EXERCISE —
Tally the lines in the listing below that include "dots". Answer with the count and nothing more.

ENTRIES SHOWN —
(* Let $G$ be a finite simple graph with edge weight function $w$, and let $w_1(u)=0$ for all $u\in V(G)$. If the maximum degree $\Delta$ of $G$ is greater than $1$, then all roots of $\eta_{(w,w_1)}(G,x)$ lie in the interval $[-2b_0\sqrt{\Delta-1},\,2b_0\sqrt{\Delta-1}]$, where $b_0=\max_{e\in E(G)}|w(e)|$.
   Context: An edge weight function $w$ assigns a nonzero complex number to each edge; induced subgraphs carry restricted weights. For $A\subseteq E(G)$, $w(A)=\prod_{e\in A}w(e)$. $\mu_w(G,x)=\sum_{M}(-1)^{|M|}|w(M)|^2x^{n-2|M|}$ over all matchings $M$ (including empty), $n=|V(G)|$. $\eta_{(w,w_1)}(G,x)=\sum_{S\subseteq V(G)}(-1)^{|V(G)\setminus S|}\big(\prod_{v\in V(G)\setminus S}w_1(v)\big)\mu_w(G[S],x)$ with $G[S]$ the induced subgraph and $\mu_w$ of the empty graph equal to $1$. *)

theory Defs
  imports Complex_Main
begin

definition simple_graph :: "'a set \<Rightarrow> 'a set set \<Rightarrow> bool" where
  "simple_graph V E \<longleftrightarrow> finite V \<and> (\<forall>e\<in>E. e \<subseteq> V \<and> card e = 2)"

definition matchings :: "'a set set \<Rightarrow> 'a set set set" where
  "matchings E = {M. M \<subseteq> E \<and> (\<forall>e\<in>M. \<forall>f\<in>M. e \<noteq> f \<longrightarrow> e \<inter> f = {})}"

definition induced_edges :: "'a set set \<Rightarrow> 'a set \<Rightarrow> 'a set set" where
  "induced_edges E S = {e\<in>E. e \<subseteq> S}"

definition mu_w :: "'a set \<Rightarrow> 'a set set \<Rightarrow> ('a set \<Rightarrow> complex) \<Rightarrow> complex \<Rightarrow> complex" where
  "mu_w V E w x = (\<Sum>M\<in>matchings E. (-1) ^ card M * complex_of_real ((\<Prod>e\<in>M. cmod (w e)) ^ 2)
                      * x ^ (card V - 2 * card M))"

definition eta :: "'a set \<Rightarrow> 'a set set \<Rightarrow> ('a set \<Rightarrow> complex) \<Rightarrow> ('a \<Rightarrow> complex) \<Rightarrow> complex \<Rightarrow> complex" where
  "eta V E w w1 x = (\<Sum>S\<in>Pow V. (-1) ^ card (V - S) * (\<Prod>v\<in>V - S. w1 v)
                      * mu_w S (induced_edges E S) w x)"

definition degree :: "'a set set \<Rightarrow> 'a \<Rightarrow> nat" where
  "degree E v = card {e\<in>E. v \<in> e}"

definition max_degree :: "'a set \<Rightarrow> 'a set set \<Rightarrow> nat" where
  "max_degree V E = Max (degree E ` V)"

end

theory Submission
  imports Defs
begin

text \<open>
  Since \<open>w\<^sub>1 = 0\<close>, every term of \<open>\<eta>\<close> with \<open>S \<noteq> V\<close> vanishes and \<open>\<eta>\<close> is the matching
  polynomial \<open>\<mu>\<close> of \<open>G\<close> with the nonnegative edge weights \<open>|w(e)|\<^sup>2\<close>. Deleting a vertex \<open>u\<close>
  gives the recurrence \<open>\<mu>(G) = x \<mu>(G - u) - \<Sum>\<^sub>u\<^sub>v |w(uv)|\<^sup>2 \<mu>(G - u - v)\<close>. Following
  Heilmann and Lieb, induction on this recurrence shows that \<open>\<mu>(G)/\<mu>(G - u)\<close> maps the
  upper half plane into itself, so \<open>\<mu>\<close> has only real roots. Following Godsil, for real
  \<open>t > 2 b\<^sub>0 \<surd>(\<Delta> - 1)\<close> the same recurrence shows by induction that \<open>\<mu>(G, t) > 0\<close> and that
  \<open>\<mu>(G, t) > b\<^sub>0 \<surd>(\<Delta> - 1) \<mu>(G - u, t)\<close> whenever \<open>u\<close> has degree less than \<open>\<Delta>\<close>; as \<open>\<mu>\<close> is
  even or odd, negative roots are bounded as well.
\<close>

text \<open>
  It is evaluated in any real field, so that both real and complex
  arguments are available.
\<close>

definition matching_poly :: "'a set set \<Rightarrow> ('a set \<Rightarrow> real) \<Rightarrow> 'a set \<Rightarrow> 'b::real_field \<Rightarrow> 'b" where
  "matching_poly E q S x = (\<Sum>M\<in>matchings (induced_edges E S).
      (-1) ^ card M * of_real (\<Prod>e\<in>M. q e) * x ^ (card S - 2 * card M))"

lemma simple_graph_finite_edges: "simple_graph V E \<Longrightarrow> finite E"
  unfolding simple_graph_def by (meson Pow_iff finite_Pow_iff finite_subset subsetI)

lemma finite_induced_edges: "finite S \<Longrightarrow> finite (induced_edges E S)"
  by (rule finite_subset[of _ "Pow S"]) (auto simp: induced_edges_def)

==

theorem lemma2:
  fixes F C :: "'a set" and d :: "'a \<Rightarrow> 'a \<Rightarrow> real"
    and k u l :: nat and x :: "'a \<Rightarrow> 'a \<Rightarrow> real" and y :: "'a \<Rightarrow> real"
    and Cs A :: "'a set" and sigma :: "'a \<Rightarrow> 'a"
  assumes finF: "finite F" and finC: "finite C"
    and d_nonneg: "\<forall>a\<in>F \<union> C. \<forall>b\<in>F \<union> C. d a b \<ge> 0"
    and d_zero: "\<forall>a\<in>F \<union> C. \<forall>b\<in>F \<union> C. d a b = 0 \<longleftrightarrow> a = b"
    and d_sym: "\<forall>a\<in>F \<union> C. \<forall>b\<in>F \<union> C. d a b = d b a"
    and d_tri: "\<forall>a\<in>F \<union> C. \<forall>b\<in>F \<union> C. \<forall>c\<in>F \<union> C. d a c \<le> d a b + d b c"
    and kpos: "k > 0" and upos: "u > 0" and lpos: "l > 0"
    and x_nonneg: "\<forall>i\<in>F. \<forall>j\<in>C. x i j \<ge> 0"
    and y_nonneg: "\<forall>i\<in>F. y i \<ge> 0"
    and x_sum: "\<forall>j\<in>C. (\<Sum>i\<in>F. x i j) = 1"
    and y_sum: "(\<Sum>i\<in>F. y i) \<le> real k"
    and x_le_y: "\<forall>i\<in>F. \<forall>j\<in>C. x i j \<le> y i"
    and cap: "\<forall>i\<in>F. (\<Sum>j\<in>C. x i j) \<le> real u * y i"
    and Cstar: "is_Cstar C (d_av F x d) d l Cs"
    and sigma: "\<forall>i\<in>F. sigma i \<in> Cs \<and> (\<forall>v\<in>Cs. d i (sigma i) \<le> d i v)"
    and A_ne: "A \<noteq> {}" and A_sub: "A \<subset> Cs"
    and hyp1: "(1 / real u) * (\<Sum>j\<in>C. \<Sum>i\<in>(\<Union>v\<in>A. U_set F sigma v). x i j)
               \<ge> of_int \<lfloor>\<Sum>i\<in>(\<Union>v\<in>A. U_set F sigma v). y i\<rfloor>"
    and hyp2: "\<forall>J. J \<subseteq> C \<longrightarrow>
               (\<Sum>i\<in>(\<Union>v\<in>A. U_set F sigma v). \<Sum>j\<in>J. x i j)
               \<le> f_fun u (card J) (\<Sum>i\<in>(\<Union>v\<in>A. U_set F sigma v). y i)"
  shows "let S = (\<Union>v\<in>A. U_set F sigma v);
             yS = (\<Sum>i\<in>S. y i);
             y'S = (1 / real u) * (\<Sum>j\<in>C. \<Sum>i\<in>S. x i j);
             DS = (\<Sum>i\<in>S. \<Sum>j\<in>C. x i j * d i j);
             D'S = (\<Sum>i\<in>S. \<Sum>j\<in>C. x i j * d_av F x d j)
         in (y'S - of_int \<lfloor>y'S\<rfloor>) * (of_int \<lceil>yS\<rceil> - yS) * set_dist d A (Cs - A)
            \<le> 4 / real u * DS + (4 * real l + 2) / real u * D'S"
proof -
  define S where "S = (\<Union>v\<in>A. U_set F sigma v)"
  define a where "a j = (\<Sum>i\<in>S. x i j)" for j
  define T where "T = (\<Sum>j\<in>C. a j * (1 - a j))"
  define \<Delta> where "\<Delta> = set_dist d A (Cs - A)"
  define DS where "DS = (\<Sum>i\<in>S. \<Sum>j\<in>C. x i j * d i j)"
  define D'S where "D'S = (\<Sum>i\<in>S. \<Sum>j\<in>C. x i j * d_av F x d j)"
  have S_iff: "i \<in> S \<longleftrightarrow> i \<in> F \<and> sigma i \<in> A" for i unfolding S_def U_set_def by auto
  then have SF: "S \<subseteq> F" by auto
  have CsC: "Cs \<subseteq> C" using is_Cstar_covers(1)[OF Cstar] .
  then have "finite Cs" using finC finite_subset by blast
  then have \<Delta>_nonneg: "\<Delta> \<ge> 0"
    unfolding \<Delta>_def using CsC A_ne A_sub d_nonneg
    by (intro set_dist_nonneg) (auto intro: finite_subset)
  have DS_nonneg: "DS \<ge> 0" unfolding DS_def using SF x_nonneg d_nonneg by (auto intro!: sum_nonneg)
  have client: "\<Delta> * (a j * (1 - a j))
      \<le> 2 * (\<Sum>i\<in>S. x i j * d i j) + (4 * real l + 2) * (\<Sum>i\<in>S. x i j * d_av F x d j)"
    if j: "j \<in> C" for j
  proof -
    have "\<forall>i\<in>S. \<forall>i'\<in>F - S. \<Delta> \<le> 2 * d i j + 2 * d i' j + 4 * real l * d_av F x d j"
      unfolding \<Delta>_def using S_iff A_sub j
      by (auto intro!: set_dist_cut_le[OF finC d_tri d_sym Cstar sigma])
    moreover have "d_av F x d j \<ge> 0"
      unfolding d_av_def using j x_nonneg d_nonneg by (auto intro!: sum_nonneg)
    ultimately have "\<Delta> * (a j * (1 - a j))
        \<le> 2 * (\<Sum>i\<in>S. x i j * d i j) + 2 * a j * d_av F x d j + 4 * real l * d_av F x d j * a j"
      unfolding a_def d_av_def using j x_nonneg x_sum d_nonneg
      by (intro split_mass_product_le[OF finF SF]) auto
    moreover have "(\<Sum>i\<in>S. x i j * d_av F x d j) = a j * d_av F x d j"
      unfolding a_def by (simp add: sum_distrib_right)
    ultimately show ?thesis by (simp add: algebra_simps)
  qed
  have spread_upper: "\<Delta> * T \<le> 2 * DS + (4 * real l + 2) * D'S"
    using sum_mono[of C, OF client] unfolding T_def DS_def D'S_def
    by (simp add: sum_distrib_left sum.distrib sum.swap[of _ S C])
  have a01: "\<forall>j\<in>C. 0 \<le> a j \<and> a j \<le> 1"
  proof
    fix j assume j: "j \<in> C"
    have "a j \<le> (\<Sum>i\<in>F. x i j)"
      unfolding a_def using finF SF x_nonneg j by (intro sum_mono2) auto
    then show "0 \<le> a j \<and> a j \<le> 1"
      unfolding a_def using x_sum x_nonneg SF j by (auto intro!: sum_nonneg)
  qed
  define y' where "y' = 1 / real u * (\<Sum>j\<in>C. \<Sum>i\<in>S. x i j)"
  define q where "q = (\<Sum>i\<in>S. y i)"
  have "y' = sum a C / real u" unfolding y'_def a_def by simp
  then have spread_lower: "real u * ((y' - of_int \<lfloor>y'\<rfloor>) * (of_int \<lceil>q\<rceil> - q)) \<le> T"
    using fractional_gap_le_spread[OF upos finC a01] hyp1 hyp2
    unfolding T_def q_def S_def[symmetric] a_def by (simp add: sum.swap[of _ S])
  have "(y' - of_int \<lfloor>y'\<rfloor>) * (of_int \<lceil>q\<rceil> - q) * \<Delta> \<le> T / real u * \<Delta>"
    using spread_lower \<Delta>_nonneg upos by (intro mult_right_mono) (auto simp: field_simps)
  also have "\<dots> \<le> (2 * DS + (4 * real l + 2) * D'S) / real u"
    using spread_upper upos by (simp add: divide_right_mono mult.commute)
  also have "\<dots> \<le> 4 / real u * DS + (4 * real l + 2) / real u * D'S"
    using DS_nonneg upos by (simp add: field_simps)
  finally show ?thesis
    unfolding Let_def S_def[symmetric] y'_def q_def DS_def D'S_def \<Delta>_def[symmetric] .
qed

COMPLETED TASK —
2